When GSFA student Ardith Lanstra made her wedding gown, she didn't use silk and satin. Instead, she opted for less-traditional materials--namely magazines and tape.
Ms. Lanstra fashioned the dress for her Theory of Culture class. "Our assignment for the semester has three parts," she explained. "The first was to choose an object and write an ethnography about it examining the connections between nature and culture. For example, we use the word 'leather' to mitigate between the natural concept of dead-animal skin and the cultural concept of fashionable material for clothing."
Ms. Lanstra, who will marry next year, decided that a wedding dress would be an appropriate object. "My ethnography explored the materials that wedding dresses are typically made from, what influences wedding-dress design, and what the dress means in our culture," she said.
The second part of the course required students to examine one part of the ethnography more closely, then design an "intervention" based on that investigation, according to Ms. Lanstra. Some students did experiments and performance pieces. Others created three-dimensional pieces. Ms. Lanstra, who was part of the latter group, chose to examine the way the wedding-dress market works.

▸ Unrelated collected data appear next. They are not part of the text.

(* Let $\mathcal A$ be the attraction basin of $x_0$ for the auxiliary flow $\Phi$. Then $\mathcal A$ is open, and: (i) the restriction $f|_{\mathcal A}$ is injective; (ii) $f(\mathcal A)$ is star-shaped with respect to $y_0=f(x_0)$; (iii) $\mathcal A$ is maximal with these properties: every open connected set $C\subseteq D$ containing $x_0$ such that $f|_C$ is injective and $f(C)$ is star-shaped with respect to $y_0$ satisfies $C\subseteq\mathcal A$.
   Context: Standing setting: $X,Y$ are real Banach spaces, $D\subseteq X$ is a nonempty open connected set, $f:D\to Y$ is a local homeomorphism (every point has an open neighbourhood mapped homeomorphically onto an open set), $x_0\in D$, $y_0=f(x_0)$. A flow in $D$ is a map $\Phi:D_\Phi\to D$ such that: (i) $D_\Phi$ is an open subset of $D\times\mathbb R$ and $\Phi$ is continuous; (ii) for each $x\in D$, $\{t:(x,t)\in D_\Phi\}$ is an interval containing $0$; (iii) $\Phi(x,0)=x$; (iv) if $(x,t_1),(x,t_1+t_2)\in D_\Phi$ then $(\Phi(x,t_1),t_2)\in D_\Phi$ and $\Phi(\Phi(x,t_1),t_2)=\Phi(x,t_1+t_2)$. The trajectory through $x$ is global in the future if $\{x\}\times[0,+\infty)\subseteq D_\Phi$. Let $\Psi(y,t)=y_0+e^{-t}(y-y_0)$ for $y\in Y,t\in\mathbb R$. The auxiliary flow $\Phi$ is the unique flow in $D$ of maximal domain with $f(\Phi(x,t))=\Psi(f(x),t)$ for all $(x,t)\in D_\Phi$; for each $x$, $t\mapsto\Phi(x,t)$ is the maximal continuous lifting by $f$ of $t\mapsto\Psi(f(x),t)$ through $x$ at $t=0$. The attraction basin $\mathcal A$ of $x_0$ is the set of $x\in D$ whose trajectory is global in the future and satisfies $\Phi(x,t)\to x_0$ as $t\to+\infty$. *)

theory Defs
  imports "HOL-Analysis.Analysis"
begin
(* Let $\theta,\theta_1,\dots,\theta_k\in(0,\pi)$. Then $\sum_{i=1}^k\theta_i<\theta$ if and only if $\sin\big(\theta-\sum_{i\in I}\theta_i\big)>0$ for every subset $I\subseteq\{1,\dots,k\}$ (including $I=\emptyset$). *)

theory Defs
  imports Complex_Main
begin

end

theory Submission
  imports Defs
begin

text \<open>If the angles sum to less than \<open>\<theta>\<close>, every partial difference lies in \<open>(0, \<theta>]\<close>
  and has positive sine. Conversely, add the angles one at a time: once a partial sum
  is below \<open>\<theta>\<close>, adding one more angle (less than \<open>\<pi>\<close>) keeps the difference above
  \<open>-\<pi>\<close>, and on \<open>(-\<pi>, 0]\<close> the sine is nonpositive, so positivity of the sine
  forces the difference to stay positive.\<close>

lemma sin_pos_imp_pos:
  fixes x :: real
  assumes "- pi < x" and "0 < sin x"
  shows "0 < x"
proof (rule ccontr)
  assume "\<not> 0 < x"
  then have "0 \<le> sin (- x)"
    using assms(1) by (intro sin_ge_zero) auto
  then show False
    using assms(2) by simp
qed

lemma sin_diff_sum_pos:
  fixes f :: "'a \<Rightarrow> real"
  assumes "finite A" and "\<And>i. i \<in> A \<Longrightarrow> 0 \<le> f i"
    and "sum f A < \<theta>" and "\<theta> < pi" and "I \<subseteq> A"
  shows "0 < sin (\<theta> - sum f I)"
proof (rule sin_gt_zero)
  have "sum f I \<le> sum f A"
    using assms by (intro sum_mono2) auto
  then show "0 < \<theta> - sum f I"
    using assms(3) by simp
  have "0 \<le> sum f I"
    using assms(2,5) by (intro sum_nonneg) auto
  then show "\<theta> - sum f I < pi"
    using assms(4) by simp
qed

lemma sum_less_if_sin_diff_sum_pos:
  fixes f :: "'a \<Rightarrow> real"
  assumes "finite A" and "0 < \<theta>" and "\<And>i. i \<in> A \<Longrightarrow> f i < pi"
    and "\<And>I. I \<subseteq> A \<Longrightarrow> 0 < sin (\<theta> - sum f I)"
  shows "sum f A < \<theta>"
  using assms
proof (induction A rule: finite_induct)
  case empty
  then show ?case by simp
next
  case (insert a A)
  have "sum f A < \<theta>"
    using insert by blast
  moreover have "f a < pi"
    using insert.prems(2) by simp
  ultimately have "- pi < \<theta> - sum f (insert a A)"
    using insert.hyps by simp
  moreover have "0 < sin (\<theta> - sum f (insert a A))"
    using insert.prems(3) by blast
  ultimately have "0 < \<theta> - sum f (insert a A)"
    by (rule sin_pos_imp_pos)
  then show ?case
    by simp
qed

theorem lemma2p1:
  fixes \<theta> :: real and th :: "nat \<Rightarrow> real" and k :: nat
  assumes "0 < \<theta>" and "\<theta> < pi"
    and "\<And>i. i \<in> {1..k} \<Longrightarrow> 0 < th i \<and> th i < pi"
  shows "(\<Sum>i=1..k. th i) < \<theta> \<longleftrightarrow>
         (\<forall>I. I \<subseteq> {1..k} \<longrightarrow> sin (\<theta> - (\<Sum>i\<in>I. th i)) > 0)"
proof
  assume "(\<Sum>i=1..k. th i) < \<theta>"
  then show "\<forall>I. I \<subseteq> {1..k} \<longrightarrow> sin (\<theta> - (\<Sum>i\<in>I. th i)) > 0"
    using assms(2,3) by (intro allI impI sin_diff_sum_pos) (auto simp: less_imp_le)
next
  assume "\<forall>I. I \<subseteq> {1..k} \<longrightarrow> sin (\<theta> - (\<Sum>i\<in>I. th i)) > 0"
  then show "(\<Sum>i=1..k. th i) < \<theta>"
    using assms(1,3) by (intro sum_less_if_sin_diff_sum_pos) auto
qed

end
(* Let $R$ be a commutative Noetherian ring of prime characteristic $p$, suppose $c$ is a $p^{w_0}$-weak test element for $R$, and let $\mathfrak{a}$ be an ideal of $R$. Let $H(\mathfrak{a})=\bigoplus_{n\ge0}R/\mathfrak{a}^{[p^n]}$ and $G(\mathfrak{a})=\bigoplus_{n\ge0}R/(\mathfrak{a}^{[p^n]})^F$ be the graded left $R[x,f]$-modules in which $x$ sends the class of $r$ in degree $n$ to the class of $r^p$ in degree $n+1$. Then (i) $\operatorname{ann}_{H(\mathfrak{a})}(\bigoplus_{n\ge w_0}Rcx^n)=\bigoplus_{n\ge0}(\mathfrak{a}^{[p^n]})^*/\mathfrak{a}^{[p^n]}$; (ii) $\operatorname{ann}_{G(\mathfrak{a})}(\bigoplus_{n\ge0}Rcx^n)=\bigoplus_{n\ge0}(\mathfrak{a}^{[p^n]})^*/(\mathfrak{a}^{[p^n]})^F$.
   Context: $R[x,f]$ is the Frobenius skew polynomial ring: free left $R$-module on $(x^i)_{i\ge0}$, $xr=r^px$. For a subset $\mathfrak{B}$ of $R[x,f]$, $\operatorname{ann}_M\mathfrak{B}=\{m\in M:\theta m=0\ \forall\theta\in\mathfrak{B}\}$. $\mathfrak{a}^{[p^n]}$ is generated by $p^n$-th powers of elements of $\mathfrak{a}$; $\mathfrak{a}^F=\{r: r^{p^n}\in\mathfrak{a}^{[p^n]}\text{ for some }n\}$ (Frobenius closure); $R^\circ$ the complement of the union of minimal primes; $\mathfrak{a}^*$ tight closure. A $p^{w_0}$-weak test element is $c\in R^\circ$ such that for every ideal $\mathfrak{b}$ and $r\in R$: $r\in\mathfrak{b}^*$ iff $cr^{p^n}\in\mathfrak{b}^{[p^n]}$ for all $n\ge w_0$. *)

theory Defs
  imports Main "HOL-Computational_Algebra.Primes"
begin

definition is_ideal :: "'a::comm_ring_1 set \<Rightarrow> bool" where
  "is_ideal I \<longleftrightarrow> 0 \<in> I \<and> (\<forall>x\<in>I. \<forall>y\<in>I. x + y \<in> I) \<and> (\<forall>r. \<forall>x\<in>I. r * x \<in> I)"

definition ideal_gen :: "'a::comm_ring_1 set \<Rightarrow> 'a set" where
  "ideal_gen S = \<Inter>{I. is_ideal I \<and> S \<subseteq> I}"

definition noetherian_ring :: "'a::comm_ring_1 itself \<Rightarrow> bool" where
  "noetherian_ring _ \<longleftrightarrow> (\<forall>I::'a set. is_ideal I \<longrightarrow> (\<exists>S. finite S \<and> I = ideal_gen S))"

definition prime_ideal :: "'a::comm_ring_1 set \<Rightarrow> bool" where
  "prime_ideal P \<longleftrightarrow> is_ideal P \<and> P \<noteq> UNIV \<and> (\<forall>x y. x * y \<in> P \<longrightarrow> x \<in> P \<or> y \<in> P)"

definition minimal_prime :: "'a::comm_ring_1 set \<Rightarrow> bool" where
  "minimal_prime P \<longleftrightarrow> prime_ideal P \<and> (\<forall>Q. prime_ideal Q \<and> Q \<subseteq> P \<longrightarrow> Q = P)"

definition R_circ :: "'a::comm_ring_1 set" where
  "R_circ = {c. \<forall>P. minimal_prime P \<longrightarrow> c \<notin> P}"

definition frob_bracket :: "nat \<Rightarrow> nat \<Rightarrow> 'a::comm_ring_1 set \<Rightarrow> 'a set" where
  "frob_bracket p n a = ideal_gen ((\<lambda>r. r ^ (p ^ n)) ` a)"

definition frob_closure :: "nat \<Rightarrow> 'a::comm_ring_1 set \<Rightarrow> 'a set" where
  "frob_closure p a = {r. \<exists>n. r ^ (p ^ n) \<in> frob_bracket p n a}"

definition tight_closure :: "nat \<Rightarrow> 'a::comm_ring_1 set \<Rightarrow> 'a set" where
  "tight_closure p a = {r. \<exists>c\<in>R_circ. \<exists>n0. \<forall>n\<ge>n0. c * r ^ (p ^ n) \<in> frob_bracket p n a}"

definition weak_test_element :: "nat \<Rightarrow> nat \<Rightarrow> 'a::comm_ring_1 \<Rightarrow> bool" where
  "weak_test_element p w0 c \<longleftrightarrow> c \<in> R_circ \<and>
     (\<forall>b r. is_ideal b \<longrightarrow>
        (r \<in> tight_closure p b \<longleftrightarrow> (\<forall>n\<ge>w0. c * r ^ (p ^ n) \<in> frob_bracket p n b)))"

text \<open>An element of R[x,f] is a finitely supported
  coefficient sequence theta (theta = sum theta_i x^i); an element of a graded module
  of the form (direct sum over n of R/J_n) is represented by a finitely supported
  sequence h of representatives (h_n a representative of the degree-n component).\<close>
definition fin_supp :: "(nat \<Rightarrow> 'a::zero) \<Rightarrow> bool" where
  "fin_supp h \<longleftrightarrow> (\<exists>N. \<forall>n\<ge>N. h n = 0)"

"My dress was made from wedding-dress images cut out of four bridal magazines and held together with seven rolls of Scotch tape," she said. "I was attempting to demonstrate how the market controls the image of what American women perceive wedding dresses to be. For the most part, what women believe is traditional about the appearance of wedding dresses has been made by the industry based on the flimsiest of historical facts."
As the final part of the assignment, students will document the object and the intervention in an artist's book.